Nice...I've been thinking about going to a 1/2 ton truck amd a setup like this on a GM


----------



## jato (Dec 3, 2020)

Can an F150 run a v plow like that and push a decent amount of snow? We have an 07 with the 5.4L. Would this setup be a good match for that truck too?


----------



## m_ice (Aug 12, 2012)

jato said:


> Can an F150 run a v plow like that and push a decent amount of snow? We have an 07 with the 5.4L. Would this setup be a good match for that truck too?


Although the 5.4 is a turd we have an 8.5 vee on an f250 with 5.4


----------



## jato (Dec 3, 2020)

2017F150XLT said:


> Got it installed yesterday, looking forward to putting it to the test, I think it will end up working well, looks like a well built unit. The attachment system will take a little getting used to, I'm used to the Fisher style.

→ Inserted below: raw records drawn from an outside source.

lemma comparison_apex:
  assumes "0 \<le> r" "0 \<le> s" "s \<le> p + r" "p \<le> r + s" "r \<le> p + s"
  shows "cmod (comparison_apex p r s) = r"
    and "cmod (complex_of_real p - comparison_apex p r s) = s"
proof -
  define a where "a = (p\<^sup>2 + r\<^sup>2 - s\<^sup>2) / (2 * p)"
  have apex: "comparison_apex p r s = Complex a (sqrt (r\<^sup>2 - a\<^sup>2))"
    by (simp add: comparison_apex_def a_def Let_def)
  have "a\<^sup>2 \<le> r\<^sup>2"
  proof (cases "p = 0")
    case False
    have "(p - r)\<^sup>2 \<le> s\<^sup>2" "s\<^sup>2 \<le> (p + r)\<^sup>2"
      using assms by (auto intro!: power_mono simp: abs_le_square_iff[symmetric])
    then have "\<bar>p\<^sup>2 + r\<^sup>2 - s\<^sup>2\<bar> \<le> \<bar>2 * p\<bar> * r"
      using assms by (auto simp: power2_eq_square algebra_simps abs_le_iff abs_if)
    then have "\<bar>a\<bar> \<le> r" using False by (simp add: a_def abs_divide divide_le_eq mult.commute)
    then show ?thesis by (metis abs_le_square_iff abs_of_nonneg assms(1))
  qed (simp add: a_def)
  then have norm_apex: "(cmod (comparison_apex p r s))\<^sup>2 = r\<^sup>2"
    by (simp add: apex cmod_power2)
  then show "cmod (comparison_apex p r s) = r"
    using assms(1) by (simp add: power2_eq_iff_nonneg)
  have "(cmod (complex_of_real p - comparison_apex p r s))\<^sup>2 = s\<^sup>2"
  proof (cases "p = 0")
    case True
    then show ?thesis using norm_apex assms by simp
  next
    case False
    have "2 * p * a = p\<^sup>2 + r\<^sup>2 - s\<^sup>2" using False by (simp add: a_def)
    then show ?thesis using norm_apex
      by (simp add: apex cmod_power2 power2_diff algebra_simps)
  qed
  then show "cmod (complex_of_real p - comparison_apex p r s) = s"
    using assms(2) by (simp add: power2_eq_iff_nonneg)
qed
(* Let $\mathcal E=\widetilde{\Omega^1_D}(\mathcal A)$ be the bimodule of one-forms of a spectral triple $(\mathcal A,\mathcal H,D)$ and suppose $\mathcal E$ satisfies Assumption III. Endow $\mathcal Z(\mathcal E)\otimes_{\mathcal Z(\mathcal A)}\mathcal A$ with the $\mathcal A$-bimodule structure $b(e\otimes a)c=e\otimes bac$ and $\mathcal A\otimes_{\mathcal Z(\mathcal A)}\mathcal Z(\mathcal E)$ with $b(a\otimes e)c=bac\otimes e$ ($a,b,c\in\mathcal A$, $e\in\mathcal Z(\mathcal E)$). Then there are isomorphisms of $\mathcal A$-$\mathcal A$-bimodules $$\mathcal E\cong\mathcal A\otimes_{\mathcal Z(\mathcal A)}\mathcal Z(\mathcal E)\cong\mathcal Z(\mathcal E)\otimes_{\mathcal Z(\mathcal A)}\mathcal A.$$
   Context: $\mathcal E$ is the linear span in $B(\mathcal H)$ of $\{a[D,b]:a,b\in\mathcal A\}$, an $\mathcal A$-bimodule. $\mathcal Z(\mathcal E)=\{e:ea=ae\ \forall a\in\mathcal A\}$, $\mathcal Z(\mathcal A)$ the center of $\mathcal A$. Assumption III: $\mathcal Z(\mathcal E)$ is finitely generated and projective over $\mathcal Z(\mathcal A)$, and the map $u^{\mathcal E}:\mathcal Z(\mathcal E)\otimes_{\mathcal Z(\mathcal A)}\mathcal A\to\mathcal E$, $\sum_i e_i\otimes a_i\mapsto\sum_ie_ia_i$, is an isomorphism of vector spaces. *)

theory Defs
  imports Main "HOL-Library.Poly_Mapping"
begin

text \<open>The ambient algebra (containing the operators of A, D and the one-forms) is an
arbitrary ring 'r; the commutator [D,b] is D*b - b*D.\<close>

definition commut :: "'r::ring \<Rightarrow> 'r \<Rightarrow> 'r" where
  "commut D b = D * b - b * D"

text \<open>A is a unital subring (the complex scalars are not modelled; since A is unital,
the complex linear span of a[D,b] coincides with the additive span).\<close>
definition unital_subring :: "'r::ring_1 set \<Rightarrow> bool" where
  "unital_subring A \<longleftrightarrow> 1 \<in> A \<and> 0 \<in> A \<and>
     (\<forall>x\<in>A. \<forall>y\<in>A. x + y \<in> A \<and> x - y \<in> A \<and> x * y \<in> A \<and> - x \<in> A)"

inductive_set one_forms :: "'r::ring set \<Rightarrow> 'r \<Rightarrow> 'r set" for A D where
  zero: "0 \<in> one_forms A D"
| step: "x \<in> one_forms A D \<Longrightarrow> a \<in> A \<Longrightarrow> b \<in> A \<Longrightarrow> x + a * commut D b \<in> one_forms A D"

definition centre :: "'r::ring set \<Rightarrow> 'r set" where
  "centre A = {z \<in> A. \<forall>a\<in>A. z * a = a * z}"

definition centralizer_in :: "'r::ring set \<Rightarrow> 'r set \<Rightarrow> 'r set" where
  "centralizer_in A E = {e \<in> E. \<forall>a\<in>A. e * a = a * e}"

text \<open>M (right module over the commutative ring R by ring multiplication) is finitely
generated projective iff it is a direct summand of R^n, i.e. there are R-linear maps
s : M \<rightarrow> R^n and p : R^n \<rightarrow> M with p \<circ> s = id.\<close>
definition free_mod :: "'r::ring set \<Rightarrow> nat \<Rightarrow> (nat \<Rightarrow> 'r) set" where
  "free_mod R n = {v. (\<forall>i. v i \<in> R) \<and> (\<forall>i\<ge>n. v i = 0)}"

I asked my local dealer to quote one of these on my 2007 f150. But they said it's not possible due to axle weight limits. Bummer. They give me a straight blade quote for a 7'6" boss which is cool but not as cool as yours I think


----------



## Western1 (Dec 4, 2008)

You couldn’t get the vplow for 1/2 ton trucks installed on your truck?


----------



## cwren2472 (Aug 15, 2014)

Western1 said:


> You couldn't get the vplow for 1/2 ton trucks installed on your truck?


Assuming the Western is similar to the Fisher, they are heavy by half ton standards so a large # of applications don't fall into the "recommended" weight range.

Its worth noting that the painted version of that plow is considerably lighter than the stainless so many applications that the SS isn't recommended for can still take the painted. I have no idea if the 07 f150 falls into either, I'm only mentioning it in general.


----------



## jato (Dec 3, 2020)

Western1 said:


> You couldn't get the vplow for 1/2 ton trucks installed on your truck?


Yeah this weingartz location said it didn't look like the front gawr was a good idea with it. My trucks front axle says 3950 I think. It's all right. For what we need a straight blade will do just as well I think. We will put a snowex or western tailgate spreader on as ballast. Plus salt bags


----------



## Jpolham1 (Dec 18, 2019)

M-ice, with regard to you wanting to plow with ah Chevy half ton… after repeatedly overheating my Silverado from plowing even with a derale transmission cooler, I got a new truck… my Titan XD handles a plow amazingly for a half ton!


----------